* _The problem_
Return, exactly and in full, the lines of the records below starting at the one with "using w_nonneg \<open>s" and ending at the one with "dual_gauge_nonneg by (simp add: mult_left_mono)", and no other lines.

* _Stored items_
++++++++
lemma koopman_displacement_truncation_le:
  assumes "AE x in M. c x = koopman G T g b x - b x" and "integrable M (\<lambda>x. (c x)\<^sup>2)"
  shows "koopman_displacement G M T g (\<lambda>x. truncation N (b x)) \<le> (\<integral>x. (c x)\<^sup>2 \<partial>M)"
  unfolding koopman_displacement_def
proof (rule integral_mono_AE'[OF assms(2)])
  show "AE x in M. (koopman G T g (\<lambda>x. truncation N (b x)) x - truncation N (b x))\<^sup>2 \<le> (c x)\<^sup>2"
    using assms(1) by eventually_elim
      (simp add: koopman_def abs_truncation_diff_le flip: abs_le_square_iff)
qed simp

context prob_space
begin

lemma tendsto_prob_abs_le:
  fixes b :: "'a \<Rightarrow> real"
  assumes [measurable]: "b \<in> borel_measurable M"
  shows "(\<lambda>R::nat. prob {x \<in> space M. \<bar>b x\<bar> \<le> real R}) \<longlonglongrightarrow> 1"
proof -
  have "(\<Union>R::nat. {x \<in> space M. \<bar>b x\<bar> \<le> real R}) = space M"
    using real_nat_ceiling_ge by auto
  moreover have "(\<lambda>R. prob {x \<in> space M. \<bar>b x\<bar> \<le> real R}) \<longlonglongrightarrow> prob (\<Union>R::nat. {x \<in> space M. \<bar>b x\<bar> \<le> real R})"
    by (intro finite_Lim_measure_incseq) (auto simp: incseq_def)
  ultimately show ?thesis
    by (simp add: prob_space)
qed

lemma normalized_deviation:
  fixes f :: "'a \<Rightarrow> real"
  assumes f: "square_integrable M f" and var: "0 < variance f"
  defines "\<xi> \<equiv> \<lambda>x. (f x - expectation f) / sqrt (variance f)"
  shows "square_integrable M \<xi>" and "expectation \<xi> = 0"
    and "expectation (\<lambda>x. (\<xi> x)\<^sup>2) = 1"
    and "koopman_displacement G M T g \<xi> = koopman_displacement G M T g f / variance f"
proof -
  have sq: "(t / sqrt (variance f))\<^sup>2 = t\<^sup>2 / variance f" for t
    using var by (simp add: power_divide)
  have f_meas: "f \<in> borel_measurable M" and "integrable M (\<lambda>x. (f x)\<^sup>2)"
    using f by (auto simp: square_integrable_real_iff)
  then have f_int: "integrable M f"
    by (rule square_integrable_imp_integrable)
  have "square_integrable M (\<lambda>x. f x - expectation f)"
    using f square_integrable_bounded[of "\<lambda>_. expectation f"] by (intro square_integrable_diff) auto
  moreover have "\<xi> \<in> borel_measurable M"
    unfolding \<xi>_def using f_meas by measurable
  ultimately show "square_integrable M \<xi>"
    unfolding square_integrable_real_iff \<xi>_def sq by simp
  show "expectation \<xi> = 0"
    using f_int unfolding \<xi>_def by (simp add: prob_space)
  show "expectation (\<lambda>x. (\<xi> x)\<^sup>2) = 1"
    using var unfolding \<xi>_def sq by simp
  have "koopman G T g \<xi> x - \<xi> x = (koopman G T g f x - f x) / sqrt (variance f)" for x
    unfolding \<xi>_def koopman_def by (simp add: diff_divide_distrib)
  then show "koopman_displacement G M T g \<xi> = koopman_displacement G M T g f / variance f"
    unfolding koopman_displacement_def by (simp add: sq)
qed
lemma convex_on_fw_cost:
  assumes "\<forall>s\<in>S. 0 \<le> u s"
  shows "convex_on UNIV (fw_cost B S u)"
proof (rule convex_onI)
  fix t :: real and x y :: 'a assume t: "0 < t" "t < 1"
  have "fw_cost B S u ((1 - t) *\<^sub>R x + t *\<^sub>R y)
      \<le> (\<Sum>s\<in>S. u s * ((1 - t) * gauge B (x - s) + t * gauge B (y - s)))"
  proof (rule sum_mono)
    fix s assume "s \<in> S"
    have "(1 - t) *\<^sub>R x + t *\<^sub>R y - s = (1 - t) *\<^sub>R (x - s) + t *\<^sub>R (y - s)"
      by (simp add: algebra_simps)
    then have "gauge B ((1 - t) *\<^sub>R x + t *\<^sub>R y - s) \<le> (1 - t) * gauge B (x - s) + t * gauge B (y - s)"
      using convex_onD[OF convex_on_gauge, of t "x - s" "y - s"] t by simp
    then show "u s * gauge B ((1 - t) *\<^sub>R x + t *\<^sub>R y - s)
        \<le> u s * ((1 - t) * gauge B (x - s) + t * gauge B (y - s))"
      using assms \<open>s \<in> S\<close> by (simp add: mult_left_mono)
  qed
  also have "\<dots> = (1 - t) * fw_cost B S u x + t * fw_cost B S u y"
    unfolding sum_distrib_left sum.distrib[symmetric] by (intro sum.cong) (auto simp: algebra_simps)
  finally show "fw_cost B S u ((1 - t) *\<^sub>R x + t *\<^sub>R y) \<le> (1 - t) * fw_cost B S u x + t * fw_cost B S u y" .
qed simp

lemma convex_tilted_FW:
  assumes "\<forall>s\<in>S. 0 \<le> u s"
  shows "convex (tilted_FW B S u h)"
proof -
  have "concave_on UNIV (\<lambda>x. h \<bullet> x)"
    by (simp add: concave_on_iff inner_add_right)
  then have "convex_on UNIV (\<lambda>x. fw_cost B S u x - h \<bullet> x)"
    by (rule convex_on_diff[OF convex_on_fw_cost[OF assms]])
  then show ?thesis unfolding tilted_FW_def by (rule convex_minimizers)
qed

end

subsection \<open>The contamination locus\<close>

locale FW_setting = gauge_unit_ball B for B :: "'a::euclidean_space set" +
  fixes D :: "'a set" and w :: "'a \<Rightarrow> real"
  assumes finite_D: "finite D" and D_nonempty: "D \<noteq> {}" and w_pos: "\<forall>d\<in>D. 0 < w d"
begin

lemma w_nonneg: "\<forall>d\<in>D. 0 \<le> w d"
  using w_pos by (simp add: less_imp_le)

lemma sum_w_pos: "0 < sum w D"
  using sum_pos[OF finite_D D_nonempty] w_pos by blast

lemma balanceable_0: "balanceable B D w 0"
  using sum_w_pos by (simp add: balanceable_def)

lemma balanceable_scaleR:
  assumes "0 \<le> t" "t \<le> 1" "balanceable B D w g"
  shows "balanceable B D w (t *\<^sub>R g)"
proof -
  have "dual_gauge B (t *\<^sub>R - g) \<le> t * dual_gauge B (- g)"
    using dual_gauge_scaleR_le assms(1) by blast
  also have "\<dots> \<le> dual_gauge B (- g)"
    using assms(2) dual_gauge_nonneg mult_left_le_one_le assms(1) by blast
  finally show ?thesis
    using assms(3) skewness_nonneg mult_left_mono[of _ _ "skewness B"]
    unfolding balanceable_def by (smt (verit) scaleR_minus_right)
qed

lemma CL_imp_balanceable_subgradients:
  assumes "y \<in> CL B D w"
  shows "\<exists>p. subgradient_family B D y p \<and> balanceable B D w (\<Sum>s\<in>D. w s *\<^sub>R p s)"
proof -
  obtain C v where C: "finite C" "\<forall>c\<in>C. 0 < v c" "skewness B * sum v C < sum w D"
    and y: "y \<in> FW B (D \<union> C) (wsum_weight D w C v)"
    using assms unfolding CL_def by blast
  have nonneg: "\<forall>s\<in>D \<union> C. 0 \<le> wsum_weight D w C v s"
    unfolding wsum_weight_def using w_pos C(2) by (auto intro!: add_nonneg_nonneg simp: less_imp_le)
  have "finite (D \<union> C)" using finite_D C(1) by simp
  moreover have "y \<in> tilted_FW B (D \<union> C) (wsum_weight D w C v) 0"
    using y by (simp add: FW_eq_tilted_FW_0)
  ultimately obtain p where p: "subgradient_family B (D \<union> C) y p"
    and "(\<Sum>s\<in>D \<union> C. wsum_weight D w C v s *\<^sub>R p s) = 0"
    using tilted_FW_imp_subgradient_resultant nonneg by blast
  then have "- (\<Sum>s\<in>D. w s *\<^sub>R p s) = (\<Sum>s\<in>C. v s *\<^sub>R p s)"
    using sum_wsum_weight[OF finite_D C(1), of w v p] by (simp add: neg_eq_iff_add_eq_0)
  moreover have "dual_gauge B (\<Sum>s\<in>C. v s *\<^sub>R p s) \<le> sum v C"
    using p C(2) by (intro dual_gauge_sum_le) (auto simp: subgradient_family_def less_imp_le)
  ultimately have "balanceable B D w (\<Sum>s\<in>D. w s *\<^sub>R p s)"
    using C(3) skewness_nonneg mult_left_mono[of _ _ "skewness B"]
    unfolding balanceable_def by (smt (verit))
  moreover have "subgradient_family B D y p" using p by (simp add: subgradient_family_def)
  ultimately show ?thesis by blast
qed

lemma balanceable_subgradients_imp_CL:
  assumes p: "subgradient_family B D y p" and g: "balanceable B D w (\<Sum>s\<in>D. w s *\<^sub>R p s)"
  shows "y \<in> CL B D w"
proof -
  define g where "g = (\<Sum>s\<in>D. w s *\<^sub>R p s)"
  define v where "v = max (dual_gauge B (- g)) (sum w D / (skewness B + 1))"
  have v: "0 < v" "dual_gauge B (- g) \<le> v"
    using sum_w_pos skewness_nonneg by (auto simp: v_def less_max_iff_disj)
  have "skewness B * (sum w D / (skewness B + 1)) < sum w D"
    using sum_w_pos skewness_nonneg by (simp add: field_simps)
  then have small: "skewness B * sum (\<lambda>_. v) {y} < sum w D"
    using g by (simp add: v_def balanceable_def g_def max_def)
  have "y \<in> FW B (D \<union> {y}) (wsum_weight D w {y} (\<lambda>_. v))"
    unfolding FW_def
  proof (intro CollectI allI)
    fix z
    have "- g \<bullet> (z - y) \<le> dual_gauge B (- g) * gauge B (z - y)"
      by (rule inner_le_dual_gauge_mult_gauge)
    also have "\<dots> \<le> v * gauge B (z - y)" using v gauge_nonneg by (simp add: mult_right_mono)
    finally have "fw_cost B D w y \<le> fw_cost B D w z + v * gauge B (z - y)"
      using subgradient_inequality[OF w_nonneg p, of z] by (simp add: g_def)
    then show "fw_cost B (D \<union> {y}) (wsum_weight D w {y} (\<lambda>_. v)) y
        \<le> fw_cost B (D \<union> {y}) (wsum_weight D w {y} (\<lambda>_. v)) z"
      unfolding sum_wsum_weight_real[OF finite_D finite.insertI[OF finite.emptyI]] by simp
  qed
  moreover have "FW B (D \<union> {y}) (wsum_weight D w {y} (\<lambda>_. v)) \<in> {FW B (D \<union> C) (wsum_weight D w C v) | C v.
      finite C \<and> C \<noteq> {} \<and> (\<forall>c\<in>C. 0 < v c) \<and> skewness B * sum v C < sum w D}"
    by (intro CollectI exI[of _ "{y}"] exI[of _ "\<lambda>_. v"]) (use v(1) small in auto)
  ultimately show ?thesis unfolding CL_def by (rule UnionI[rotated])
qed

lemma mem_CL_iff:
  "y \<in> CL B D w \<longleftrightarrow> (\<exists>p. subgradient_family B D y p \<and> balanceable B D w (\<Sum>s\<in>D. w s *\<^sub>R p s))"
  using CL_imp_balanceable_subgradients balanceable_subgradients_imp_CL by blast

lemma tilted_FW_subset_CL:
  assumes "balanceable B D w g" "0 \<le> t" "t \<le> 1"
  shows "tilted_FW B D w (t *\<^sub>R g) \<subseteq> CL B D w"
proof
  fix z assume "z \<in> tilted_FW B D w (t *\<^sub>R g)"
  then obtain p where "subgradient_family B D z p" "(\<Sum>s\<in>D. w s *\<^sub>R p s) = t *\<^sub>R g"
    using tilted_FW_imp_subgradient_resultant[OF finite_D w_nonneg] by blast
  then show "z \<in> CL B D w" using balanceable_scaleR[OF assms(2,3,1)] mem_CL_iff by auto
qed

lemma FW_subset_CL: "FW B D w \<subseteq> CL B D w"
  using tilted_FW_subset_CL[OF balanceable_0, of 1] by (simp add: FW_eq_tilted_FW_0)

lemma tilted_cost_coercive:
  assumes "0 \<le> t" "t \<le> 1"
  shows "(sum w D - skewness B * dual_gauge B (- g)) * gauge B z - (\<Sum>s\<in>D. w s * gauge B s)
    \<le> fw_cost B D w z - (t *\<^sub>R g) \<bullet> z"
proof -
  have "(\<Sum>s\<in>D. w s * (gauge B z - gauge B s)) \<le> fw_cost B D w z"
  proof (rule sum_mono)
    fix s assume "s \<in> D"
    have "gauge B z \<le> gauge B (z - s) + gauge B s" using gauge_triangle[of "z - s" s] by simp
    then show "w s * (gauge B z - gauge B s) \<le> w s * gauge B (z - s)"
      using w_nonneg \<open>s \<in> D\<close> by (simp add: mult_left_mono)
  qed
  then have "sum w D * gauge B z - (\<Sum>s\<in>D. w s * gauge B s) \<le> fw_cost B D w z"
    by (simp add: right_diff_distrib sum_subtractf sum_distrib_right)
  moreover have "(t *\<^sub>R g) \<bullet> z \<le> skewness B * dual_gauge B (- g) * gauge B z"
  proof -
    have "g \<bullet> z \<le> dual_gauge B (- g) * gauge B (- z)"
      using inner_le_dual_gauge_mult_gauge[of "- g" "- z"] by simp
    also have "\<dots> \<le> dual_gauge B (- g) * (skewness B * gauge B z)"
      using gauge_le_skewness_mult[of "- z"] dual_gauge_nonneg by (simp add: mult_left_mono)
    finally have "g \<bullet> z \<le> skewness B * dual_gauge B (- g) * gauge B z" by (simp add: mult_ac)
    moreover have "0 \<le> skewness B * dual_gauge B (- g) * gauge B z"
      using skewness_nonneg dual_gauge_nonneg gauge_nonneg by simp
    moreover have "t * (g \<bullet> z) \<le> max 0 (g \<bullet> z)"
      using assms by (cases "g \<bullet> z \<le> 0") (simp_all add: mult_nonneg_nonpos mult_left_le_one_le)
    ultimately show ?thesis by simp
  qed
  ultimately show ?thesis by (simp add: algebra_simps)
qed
++++++++
* _Written solution_
      using w_nonneg \<open>s \<in> D\<close> by (simp add: mult_left_mono)
  qed
  then have "sum w D * gauge B z - (\<Sum>s\<in>D. w s * gauge B s) \<le> fw_cost B D w z"
    by (simp add: right_diff_distrib sum_subtractf sum_distrib_right)
  moreover have "(t *\<^sub>R g) \<bullet> z \<le> skewness B * dual_gauge B (- g) * gauge B z"
  proof -
    have "g \<bullet> z \<le> dual_gauge B (- g) * gauge B (- z)"
      using inner_le_dual_gauge_mult_gauge[of "- g" "- z"] by simp
    also have "\<dots> \<le> dual_gauge B (- g) * (skewness B * gauge B z)"
      using gauge_le_skewness_mult[of "- z"] dual_gauge_nonneg by (simp add: mult_left_mono)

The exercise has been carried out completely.